* **DATA EXCERPTS**
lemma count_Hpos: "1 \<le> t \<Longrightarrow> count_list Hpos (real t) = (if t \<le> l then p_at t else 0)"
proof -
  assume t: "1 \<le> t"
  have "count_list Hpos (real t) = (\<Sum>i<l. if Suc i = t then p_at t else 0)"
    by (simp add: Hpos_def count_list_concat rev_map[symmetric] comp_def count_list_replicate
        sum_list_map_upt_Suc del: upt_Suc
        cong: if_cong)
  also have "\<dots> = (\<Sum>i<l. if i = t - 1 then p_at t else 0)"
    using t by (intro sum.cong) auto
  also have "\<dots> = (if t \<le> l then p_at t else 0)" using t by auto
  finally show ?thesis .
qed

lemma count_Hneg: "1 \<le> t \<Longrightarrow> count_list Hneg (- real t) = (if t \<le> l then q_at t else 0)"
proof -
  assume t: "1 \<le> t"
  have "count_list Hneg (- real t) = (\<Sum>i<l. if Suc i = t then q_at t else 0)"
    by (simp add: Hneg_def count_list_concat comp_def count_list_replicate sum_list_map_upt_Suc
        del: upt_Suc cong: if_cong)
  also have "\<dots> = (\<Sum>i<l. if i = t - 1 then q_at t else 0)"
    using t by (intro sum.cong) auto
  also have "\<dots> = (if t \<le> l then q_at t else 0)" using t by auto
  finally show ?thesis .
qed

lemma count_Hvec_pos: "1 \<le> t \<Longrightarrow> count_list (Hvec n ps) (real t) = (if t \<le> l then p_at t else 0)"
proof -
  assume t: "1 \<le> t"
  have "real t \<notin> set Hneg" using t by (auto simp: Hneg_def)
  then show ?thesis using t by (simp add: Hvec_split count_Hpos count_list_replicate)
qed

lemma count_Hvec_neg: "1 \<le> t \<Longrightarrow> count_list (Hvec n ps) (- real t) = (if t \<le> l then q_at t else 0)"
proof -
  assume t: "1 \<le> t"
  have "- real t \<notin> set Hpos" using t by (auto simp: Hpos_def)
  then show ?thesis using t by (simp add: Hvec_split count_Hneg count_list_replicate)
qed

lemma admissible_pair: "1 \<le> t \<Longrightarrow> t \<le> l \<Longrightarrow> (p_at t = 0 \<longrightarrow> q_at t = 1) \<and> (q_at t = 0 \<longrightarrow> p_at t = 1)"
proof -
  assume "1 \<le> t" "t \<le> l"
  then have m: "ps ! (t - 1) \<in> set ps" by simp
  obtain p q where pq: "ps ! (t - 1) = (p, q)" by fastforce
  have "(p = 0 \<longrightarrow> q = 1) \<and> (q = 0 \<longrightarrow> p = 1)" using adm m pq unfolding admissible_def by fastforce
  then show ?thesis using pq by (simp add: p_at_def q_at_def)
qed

* * *

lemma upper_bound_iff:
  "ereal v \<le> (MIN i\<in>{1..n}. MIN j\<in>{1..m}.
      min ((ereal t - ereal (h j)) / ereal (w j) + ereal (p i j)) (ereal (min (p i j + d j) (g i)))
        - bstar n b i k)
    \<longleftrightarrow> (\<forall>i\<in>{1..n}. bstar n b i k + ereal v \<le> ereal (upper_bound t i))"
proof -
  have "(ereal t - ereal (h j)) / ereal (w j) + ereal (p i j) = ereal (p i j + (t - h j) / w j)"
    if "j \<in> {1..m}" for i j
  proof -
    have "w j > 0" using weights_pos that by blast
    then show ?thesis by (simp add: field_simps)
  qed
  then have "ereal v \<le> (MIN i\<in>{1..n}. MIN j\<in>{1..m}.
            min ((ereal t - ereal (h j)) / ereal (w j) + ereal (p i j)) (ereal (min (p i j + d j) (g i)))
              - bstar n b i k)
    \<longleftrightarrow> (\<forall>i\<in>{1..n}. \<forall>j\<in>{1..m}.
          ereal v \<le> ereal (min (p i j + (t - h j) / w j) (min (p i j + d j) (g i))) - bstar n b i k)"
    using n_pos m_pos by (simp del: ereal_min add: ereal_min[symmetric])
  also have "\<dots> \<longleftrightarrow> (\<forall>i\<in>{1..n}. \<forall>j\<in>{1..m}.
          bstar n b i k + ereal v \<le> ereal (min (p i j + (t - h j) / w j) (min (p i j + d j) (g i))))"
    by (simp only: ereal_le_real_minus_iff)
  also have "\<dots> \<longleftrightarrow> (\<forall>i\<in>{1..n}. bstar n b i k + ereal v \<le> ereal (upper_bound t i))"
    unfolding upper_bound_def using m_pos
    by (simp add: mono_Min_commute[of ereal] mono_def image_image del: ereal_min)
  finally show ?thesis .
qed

--

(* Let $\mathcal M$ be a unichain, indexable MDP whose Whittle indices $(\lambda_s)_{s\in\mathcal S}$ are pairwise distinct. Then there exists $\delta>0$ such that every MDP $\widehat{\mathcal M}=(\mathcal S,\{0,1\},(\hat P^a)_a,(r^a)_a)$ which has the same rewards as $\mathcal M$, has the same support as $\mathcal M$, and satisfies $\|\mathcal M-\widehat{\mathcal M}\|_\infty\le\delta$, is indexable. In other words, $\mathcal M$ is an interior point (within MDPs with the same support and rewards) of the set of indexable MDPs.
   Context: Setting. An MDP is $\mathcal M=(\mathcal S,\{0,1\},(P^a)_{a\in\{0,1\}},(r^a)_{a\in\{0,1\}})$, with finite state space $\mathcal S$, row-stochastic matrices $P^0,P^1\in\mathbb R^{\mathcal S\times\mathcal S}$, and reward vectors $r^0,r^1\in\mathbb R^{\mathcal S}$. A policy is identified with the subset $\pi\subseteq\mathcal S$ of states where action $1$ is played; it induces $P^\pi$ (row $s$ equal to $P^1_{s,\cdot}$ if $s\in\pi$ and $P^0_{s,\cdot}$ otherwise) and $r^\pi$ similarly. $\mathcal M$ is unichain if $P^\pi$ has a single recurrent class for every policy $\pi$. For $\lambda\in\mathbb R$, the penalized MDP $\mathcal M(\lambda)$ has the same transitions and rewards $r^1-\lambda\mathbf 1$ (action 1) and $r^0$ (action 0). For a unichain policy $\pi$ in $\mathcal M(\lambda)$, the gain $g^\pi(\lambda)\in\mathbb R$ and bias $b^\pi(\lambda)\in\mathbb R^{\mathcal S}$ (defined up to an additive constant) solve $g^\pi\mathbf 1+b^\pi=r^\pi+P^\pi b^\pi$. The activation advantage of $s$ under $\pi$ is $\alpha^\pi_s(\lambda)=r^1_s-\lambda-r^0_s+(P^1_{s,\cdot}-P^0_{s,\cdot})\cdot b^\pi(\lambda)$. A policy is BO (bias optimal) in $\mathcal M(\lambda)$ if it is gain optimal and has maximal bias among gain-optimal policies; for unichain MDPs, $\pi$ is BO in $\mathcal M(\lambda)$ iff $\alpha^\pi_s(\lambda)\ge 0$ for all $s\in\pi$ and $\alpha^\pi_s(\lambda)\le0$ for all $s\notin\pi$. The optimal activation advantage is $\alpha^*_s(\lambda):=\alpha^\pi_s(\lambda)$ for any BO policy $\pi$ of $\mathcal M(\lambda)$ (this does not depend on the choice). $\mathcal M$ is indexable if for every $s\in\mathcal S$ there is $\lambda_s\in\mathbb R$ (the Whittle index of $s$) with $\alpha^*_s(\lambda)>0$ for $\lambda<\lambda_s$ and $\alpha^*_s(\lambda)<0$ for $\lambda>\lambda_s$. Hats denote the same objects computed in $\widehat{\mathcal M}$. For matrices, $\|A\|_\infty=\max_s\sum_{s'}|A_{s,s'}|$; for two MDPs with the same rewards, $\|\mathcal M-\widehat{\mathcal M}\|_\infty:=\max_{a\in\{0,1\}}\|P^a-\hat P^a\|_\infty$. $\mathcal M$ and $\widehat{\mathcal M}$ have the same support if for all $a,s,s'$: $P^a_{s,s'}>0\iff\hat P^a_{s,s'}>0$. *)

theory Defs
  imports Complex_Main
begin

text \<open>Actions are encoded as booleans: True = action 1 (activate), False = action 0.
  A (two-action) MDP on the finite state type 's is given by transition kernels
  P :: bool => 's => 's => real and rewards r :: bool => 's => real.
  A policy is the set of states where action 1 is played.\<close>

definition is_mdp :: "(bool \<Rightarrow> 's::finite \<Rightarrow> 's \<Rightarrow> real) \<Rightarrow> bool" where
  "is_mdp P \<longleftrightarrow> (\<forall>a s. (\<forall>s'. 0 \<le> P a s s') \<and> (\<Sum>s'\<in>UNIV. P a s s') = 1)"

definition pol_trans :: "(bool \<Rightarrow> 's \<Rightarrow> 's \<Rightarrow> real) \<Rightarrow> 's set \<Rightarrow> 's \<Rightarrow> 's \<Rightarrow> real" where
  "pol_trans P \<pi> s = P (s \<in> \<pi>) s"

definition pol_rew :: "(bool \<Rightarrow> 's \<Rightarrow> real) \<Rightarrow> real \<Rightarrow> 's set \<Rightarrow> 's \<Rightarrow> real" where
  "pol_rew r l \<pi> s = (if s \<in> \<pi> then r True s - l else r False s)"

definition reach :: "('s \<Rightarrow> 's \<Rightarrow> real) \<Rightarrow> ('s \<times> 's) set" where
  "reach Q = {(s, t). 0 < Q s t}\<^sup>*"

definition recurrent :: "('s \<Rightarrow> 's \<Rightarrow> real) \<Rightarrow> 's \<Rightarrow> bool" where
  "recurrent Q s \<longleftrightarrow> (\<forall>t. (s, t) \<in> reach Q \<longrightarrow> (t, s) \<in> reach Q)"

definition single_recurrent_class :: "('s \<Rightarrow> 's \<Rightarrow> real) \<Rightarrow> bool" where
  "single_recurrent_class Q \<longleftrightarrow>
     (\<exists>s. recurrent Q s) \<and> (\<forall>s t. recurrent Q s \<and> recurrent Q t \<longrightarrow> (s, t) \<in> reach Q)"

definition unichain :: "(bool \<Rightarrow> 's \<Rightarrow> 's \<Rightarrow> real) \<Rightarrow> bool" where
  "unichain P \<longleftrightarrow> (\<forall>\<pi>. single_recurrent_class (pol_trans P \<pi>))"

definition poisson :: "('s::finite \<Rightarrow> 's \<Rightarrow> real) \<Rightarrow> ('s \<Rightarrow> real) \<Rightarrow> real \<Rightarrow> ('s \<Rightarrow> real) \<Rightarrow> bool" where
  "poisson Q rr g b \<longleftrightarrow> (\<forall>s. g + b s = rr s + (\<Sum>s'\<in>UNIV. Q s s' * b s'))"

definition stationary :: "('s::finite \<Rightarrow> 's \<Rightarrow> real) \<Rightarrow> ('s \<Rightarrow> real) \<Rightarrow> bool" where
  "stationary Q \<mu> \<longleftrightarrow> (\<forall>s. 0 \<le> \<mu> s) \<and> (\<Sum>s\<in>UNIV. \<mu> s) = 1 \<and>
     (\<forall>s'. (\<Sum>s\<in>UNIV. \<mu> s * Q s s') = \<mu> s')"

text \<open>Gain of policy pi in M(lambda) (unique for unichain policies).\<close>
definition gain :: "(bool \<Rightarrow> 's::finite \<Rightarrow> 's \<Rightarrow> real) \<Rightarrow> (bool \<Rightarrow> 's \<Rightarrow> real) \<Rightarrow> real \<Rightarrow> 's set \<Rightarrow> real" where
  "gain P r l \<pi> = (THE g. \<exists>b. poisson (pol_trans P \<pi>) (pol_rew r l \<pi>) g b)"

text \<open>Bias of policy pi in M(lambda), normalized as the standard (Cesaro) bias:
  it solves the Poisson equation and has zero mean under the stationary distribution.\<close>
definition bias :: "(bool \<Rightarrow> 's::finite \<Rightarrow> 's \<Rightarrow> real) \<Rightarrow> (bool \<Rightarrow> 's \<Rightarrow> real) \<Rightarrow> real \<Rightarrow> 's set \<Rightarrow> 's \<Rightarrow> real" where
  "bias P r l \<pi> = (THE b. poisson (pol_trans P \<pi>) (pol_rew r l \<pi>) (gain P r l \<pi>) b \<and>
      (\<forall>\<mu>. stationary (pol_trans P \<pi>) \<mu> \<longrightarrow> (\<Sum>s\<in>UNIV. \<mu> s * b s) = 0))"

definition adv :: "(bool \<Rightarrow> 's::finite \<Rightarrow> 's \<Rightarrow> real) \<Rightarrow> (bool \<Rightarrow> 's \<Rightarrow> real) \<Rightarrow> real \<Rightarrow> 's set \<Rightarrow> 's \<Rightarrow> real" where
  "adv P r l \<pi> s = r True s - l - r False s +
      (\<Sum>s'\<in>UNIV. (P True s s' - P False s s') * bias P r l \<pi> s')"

* **TASK REQUIREMENTS**
Pick each line holding the word "False" out of the listing.

* **SOLUTION**
text \<open>Actions are encoded as booleans: True = action 1 (activate), False = action 0.
  "pol_rew r l \<pi> s = (if s \<in> \<pi> then r True s - l else r False s)"
  "adv P r l \<pi> s = r True s - l - r False s +
      (\<Sum>s'\<in>UNIV. (P True s s' - P False s s') * bias P r l \<pi> s')"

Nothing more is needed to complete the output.